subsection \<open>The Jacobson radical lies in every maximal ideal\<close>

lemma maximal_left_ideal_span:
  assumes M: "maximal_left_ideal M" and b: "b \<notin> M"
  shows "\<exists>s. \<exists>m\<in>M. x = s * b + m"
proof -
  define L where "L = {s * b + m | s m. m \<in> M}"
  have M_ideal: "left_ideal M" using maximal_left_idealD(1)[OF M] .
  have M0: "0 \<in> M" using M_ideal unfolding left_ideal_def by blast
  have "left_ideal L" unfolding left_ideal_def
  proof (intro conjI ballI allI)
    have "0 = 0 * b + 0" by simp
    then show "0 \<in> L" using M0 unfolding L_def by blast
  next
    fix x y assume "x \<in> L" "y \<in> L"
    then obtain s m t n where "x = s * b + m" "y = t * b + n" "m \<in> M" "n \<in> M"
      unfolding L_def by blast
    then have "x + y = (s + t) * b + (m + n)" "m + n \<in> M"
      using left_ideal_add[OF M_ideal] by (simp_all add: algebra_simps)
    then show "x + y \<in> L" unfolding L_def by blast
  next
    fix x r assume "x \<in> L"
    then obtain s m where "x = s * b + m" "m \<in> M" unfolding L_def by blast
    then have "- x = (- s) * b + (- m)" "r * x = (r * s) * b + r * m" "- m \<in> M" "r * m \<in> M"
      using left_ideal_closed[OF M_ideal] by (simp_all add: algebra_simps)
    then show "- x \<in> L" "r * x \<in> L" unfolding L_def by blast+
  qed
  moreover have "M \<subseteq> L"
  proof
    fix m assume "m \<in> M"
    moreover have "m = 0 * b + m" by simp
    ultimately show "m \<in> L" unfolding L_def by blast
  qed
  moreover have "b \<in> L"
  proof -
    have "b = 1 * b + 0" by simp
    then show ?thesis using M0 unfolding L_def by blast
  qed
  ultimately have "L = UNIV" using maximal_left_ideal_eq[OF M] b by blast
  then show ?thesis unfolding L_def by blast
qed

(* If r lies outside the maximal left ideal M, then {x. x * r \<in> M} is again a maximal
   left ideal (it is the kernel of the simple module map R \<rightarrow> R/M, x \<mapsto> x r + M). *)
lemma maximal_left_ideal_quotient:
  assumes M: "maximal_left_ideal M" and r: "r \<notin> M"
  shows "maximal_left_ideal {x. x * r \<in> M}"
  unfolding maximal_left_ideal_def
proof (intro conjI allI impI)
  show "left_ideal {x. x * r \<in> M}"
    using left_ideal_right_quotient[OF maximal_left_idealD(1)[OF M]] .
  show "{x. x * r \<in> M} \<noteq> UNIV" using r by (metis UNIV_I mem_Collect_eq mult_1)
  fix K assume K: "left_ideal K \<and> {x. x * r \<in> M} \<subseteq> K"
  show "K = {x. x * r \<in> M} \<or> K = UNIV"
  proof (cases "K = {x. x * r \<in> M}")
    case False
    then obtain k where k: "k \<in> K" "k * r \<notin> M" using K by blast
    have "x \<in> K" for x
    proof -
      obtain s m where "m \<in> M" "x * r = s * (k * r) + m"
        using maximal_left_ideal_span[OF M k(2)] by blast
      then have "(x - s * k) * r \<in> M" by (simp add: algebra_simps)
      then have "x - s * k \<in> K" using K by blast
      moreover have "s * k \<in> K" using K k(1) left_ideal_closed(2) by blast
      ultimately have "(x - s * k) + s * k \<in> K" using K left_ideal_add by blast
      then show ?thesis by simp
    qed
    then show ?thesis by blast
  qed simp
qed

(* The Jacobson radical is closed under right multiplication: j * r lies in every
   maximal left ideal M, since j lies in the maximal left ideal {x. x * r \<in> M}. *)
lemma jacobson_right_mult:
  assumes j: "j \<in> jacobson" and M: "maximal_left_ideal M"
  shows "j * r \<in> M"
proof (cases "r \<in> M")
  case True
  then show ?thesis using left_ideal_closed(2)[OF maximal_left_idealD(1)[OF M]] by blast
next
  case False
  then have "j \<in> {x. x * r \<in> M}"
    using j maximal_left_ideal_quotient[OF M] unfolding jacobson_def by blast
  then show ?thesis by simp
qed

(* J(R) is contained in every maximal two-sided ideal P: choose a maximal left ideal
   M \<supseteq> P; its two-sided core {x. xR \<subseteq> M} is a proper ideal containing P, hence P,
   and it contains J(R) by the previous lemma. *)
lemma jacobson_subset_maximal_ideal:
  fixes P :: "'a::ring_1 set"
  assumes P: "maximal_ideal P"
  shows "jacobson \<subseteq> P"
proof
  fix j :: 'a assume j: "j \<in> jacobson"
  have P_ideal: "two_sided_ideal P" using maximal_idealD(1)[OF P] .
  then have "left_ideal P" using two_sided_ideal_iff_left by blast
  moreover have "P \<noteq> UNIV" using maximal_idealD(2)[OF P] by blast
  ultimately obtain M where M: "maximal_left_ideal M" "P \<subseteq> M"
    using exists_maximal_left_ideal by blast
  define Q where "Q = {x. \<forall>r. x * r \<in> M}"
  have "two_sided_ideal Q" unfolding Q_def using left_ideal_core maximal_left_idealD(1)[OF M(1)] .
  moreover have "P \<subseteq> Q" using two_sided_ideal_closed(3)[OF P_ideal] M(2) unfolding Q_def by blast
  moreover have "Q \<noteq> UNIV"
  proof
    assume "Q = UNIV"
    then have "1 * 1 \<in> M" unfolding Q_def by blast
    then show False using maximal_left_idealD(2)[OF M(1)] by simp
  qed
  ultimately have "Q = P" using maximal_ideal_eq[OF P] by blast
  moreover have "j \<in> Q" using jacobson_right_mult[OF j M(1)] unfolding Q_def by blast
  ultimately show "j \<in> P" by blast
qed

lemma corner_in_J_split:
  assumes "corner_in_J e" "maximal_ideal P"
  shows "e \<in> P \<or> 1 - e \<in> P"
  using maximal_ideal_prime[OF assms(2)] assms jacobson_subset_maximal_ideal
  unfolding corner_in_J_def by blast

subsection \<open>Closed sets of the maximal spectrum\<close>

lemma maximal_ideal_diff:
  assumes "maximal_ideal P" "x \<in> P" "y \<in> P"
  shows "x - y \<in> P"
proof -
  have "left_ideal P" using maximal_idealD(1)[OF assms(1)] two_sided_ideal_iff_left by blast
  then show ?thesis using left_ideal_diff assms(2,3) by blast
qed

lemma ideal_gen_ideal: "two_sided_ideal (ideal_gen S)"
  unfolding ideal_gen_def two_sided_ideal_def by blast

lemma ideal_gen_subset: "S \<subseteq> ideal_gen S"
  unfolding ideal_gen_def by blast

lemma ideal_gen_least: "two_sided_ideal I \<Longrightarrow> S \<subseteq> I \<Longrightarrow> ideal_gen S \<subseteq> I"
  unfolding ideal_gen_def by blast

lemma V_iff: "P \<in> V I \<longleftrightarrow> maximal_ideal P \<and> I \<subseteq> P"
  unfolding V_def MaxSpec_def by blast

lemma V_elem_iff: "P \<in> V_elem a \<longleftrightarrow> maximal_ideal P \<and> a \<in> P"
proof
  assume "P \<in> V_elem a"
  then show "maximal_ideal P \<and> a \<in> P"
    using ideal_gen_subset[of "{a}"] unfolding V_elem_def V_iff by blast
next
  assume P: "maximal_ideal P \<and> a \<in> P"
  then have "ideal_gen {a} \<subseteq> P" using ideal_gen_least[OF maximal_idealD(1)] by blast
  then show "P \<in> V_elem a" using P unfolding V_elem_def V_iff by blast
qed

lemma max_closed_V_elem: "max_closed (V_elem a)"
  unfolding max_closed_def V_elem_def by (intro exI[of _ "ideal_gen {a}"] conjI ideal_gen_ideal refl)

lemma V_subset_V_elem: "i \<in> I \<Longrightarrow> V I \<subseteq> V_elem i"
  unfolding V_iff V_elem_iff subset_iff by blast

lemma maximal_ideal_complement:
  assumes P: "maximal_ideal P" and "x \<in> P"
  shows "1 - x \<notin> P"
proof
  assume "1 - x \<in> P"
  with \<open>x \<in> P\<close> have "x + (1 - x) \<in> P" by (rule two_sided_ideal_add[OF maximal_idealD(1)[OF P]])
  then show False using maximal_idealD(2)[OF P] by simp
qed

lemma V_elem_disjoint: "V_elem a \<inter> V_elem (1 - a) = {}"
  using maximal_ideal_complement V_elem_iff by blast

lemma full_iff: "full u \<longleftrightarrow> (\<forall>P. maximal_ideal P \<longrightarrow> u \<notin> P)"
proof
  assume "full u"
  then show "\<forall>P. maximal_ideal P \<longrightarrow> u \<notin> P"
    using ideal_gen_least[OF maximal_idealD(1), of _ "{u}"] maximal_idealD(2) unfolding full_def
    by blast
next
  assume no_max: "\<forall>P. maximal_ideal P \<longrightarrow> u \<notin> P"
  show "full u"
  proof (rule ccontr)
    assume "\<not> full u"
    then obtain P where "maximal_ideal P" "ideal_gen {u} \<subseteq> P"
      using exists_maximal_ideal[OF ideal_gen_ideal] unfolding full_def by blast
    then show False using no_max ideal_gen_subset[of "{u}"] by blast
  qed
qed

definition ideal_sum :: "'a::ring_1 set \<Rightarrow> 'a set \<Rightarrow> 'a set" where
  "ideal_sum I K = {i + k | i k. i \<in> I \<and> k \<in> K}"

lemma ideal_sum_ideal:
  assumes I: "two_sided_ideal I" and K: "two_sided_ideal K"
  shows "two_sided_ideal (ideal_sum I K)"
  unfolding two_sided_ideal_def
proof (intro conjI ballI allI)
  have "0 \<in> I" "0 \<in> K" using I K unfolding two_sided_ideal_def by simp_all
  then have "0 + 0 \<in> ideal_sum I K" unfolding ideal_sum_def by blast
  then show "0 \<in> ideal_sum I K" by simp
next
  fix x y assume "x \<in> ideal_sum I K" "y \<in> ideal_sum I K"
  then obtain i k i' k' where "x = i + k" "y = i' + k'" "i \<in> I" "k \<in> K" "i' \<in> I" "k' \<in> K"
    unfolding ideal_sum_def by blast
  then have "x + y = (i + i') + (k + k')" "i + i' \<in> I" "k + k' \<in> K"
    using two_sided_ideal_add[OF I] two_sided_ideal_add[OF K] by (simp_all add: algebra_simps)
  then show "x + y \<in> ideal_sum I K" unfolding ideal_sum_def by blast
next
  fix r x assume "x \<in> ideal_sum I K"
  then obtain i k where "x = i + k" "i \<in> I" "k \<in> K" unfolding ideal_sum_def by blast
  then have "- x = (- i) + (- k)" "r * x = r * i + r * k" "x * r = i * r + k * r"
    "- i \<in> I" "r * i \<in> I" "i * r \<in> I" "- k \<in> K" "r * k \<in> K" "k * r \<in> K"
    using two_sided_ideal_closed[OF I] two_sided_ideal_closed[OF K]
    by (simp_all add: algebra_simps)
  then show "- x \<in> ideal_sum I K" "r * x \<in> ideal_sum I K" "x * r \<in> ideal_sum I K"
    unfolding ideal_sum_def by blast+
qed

--- --- ---

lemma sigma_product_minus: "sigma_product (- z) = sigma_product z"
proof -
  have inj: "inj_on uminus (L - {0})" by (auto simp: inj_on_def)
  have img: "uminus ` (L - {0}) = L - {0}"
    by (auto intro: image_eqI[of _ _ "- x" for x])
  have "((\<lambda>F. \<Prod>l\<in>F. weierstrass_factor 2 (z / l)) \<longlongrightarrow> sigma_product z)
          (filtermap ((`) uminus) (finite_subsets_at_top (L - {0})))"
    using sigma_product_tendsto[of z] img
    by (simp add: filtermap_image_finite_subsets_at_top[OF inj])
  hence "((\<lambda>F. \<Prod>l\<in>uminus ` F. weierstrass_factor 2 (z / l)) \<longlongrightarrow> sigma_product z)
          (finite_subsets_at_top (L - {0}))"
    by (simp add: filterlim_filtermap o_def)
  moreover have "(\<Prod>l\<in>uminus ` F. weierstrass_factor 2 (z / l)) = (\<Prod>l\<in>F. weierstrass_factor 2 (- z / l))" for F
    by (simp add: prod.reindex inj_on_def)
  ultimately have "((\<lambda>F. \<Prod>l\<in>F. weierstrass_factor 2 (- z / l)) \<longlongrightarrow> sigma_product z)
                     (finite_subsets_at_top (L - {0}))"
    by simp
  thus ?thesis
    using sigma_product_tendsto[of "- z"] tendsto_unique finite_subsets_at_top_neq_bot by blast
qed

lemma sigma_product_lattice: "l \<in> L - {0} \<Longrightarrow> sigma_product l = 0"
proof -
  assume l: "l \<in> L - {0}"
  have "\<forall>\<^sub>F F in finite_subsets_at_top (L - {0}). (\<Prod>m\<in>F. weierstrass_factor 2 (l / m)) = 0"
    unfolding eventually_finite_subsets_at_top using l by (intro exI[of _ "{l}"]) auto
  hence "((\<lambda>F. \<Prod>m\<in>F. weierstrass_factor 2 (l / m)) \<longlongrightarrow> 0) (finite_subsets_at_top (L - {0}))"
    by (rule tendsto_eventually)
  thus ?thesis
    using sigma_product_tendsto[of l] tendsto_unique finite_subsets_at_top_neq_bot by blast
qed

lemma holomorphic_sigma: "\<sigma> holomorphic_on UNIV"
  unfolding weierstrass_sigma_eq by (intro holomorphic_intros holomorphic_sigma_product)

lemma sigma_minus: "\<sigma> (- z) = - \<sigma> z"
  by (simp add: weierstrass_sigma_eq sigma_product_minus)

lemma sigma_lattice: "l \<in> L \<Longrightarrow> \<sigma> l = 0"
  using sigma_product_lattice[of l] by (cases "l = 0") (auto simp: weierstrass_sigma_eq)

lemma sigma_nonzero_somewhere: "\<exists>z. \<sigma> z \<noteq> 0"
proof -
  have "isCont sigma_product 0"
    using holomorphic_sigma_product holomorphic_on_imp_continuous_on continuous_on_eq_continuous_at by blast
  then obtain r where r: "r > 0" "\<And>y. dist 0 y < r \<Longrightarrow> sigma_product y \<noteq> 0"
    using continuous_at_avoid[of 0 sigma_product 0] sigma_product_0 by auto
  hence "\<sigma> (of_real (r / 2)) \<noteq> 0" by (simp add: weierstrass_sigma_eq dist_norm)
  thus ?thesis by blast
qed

--- --- ---

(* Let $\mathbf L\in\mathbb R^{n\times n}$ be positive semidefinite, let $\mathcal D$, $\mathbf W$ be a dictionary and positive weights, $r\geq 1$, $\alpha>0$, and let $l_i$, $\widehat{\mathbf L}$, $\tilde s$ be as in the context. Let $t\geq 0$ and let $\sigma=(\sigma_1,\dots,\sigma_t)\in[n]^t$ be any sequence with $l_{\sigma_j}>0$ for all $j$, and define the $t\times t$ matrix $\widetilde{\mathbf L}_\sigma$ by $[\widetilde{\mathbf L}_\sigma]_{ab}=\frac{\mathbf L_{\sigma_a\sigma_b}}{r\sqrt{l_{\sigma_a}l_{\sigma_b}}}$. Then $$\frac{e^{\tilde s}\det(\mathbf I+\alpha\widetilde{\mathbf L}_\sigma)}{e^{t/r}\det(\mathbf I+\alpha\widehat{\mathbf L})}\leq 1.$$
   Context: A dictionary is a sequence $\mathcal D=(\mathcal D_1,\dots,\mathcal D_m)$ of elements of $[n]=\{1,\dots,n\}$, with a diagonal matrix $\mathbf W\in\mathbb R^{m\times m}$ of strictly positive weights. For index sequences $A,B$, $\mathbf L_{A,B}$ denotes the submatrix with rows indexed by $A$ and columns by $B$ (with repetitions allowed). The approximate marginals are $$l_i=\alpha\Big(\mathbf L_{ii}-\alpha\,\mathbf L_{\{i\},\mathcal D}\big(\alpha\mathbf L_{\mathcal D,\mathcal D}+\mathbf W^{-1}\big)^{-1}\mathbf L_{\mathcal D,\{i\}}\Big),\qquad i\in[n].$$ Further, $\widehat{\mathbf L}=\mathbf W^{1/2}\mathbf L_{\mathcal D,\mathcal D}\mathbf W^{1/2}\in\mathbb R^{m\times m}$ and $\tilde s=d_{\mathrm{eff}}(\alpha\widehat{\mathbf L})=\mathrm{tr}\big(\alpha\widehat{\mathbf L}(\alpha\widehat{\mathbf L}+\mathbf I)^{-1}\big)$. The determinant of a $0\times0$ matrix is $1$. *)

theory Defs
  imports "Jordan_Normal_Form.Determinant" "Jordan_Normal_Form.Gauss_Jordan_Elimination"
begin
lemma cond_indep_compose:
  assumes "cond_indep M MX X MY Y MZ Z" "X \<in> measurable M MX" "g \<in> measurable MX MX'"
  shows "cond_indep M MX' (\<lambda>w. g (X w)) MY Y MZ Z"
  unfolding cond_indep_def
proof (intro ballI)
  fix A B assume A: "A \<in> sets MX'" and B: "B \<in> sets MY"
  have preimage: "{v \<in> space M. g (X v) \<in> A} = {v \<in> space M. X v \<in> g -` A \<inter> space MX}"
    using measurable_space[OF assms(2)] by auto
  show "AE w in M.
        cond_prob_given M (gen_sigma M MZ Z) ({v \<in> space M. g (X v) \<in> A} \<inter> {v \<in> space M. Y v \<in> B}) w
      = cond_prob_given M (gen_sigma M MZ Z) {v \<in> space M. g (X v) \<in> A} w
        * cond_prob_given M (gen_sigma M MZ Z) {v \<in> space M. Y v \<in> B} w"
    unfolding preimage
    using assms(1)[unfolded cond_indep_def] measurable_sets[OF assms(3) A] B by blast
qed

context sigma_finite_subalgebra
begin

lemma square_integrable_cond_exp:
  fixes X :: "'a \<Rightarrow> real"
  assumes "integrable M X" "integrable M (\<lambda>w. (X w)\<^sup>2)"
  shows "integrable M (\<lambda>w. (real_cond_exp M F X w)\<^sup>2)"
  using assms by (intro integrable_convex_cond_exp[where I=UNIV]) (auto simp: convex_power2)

--- --- ---

**GOAL OF THE EXERCISE:**
Output, from the data above, the lines from the line with "then obtain k" to the line with "define Q where" exactly as they stand, both ends included and nothing else.

**EXERCISE OUTPUT:**
    then obtain k where k: "k \<in> K" "k * r \<notin> M" using K by blast
    have "x \<in> K" for x
    proof -
      obtain s m where "m \<in> M" "x * r = s * (k * r) + m"
        using maximal_left_ideal_span[OF M k(2)] by blast
      then have "(x - s * k) * r \<in> M" by (simp add: algebra_simps)
      then have "x - s * k \<in> K" using K by blast
      moreover have "s * k \<in> K" using K k(1) left_ideal_closed(2) by blast
      ultimately have "(x - s * k) + s * k \<in> K" using K left_ideal_add by blast
      then show ?thesis by simp
    qed
    then show ?thesis by blast
  qed simp
qed

(* The Jacobson radical is closed under right multiplication: j * r lies in every
   maximal left ideal M, since j lies in the maximal left ideal {x. x * r \<in> M}. *)
lemma jacobson_right_mult:
  assumes j: "j \<in> jacobson" and M: "maximal_left_ideal M"
  shows "j * r \<in> M"
proof (cases "r \<in> M")
  case True
  then show ?thesis using left_ideal_closed(2)[OF maximal_left_idealD(1)[OF M]] by blast
next
  case False
  then have "j \<in> {x. x * r \<in> M}"
    using j maximal_left_ideal_quotient[OF M] unfolding jacobson_def by blast
  then show ?thesis by simp
qed

(* J(R) is contained in every maximal two-sided ideal P: choose a maximal left ideal
   M \<supseteq> P; its two-sided core {x. xR \<subseteq> M} is a proper ideal containing P, hence P,
   and it contains J(R) by the previous lemma. *)
lemma jacobson_subset_maximal_ideal:
  fixes P :: "'a::ring_1 set"
  assumes P: "maximal_ideal P"
  shows "jacobson \<subseteq> P"
proof
  fix j :: 'a assume j: "j \<in> jacobson"
  have P_ideal: "two_sided_ideal P" using maximal_idealD(1)[OF P] .
  then have "left_ideal P" using two_sided_ideal_iff_left by blast
  moreover have "P \<noteq> UNIV" using maximal_idealD(2)[OF P] by blast
  ultimately obtain M where M: "maximal_left_ideal M" "P \<subseteq> M"
    using exists_maximal_left_ideal by blast
  define Q where "Q = {x. \<forall>r. x * r \<in> M}"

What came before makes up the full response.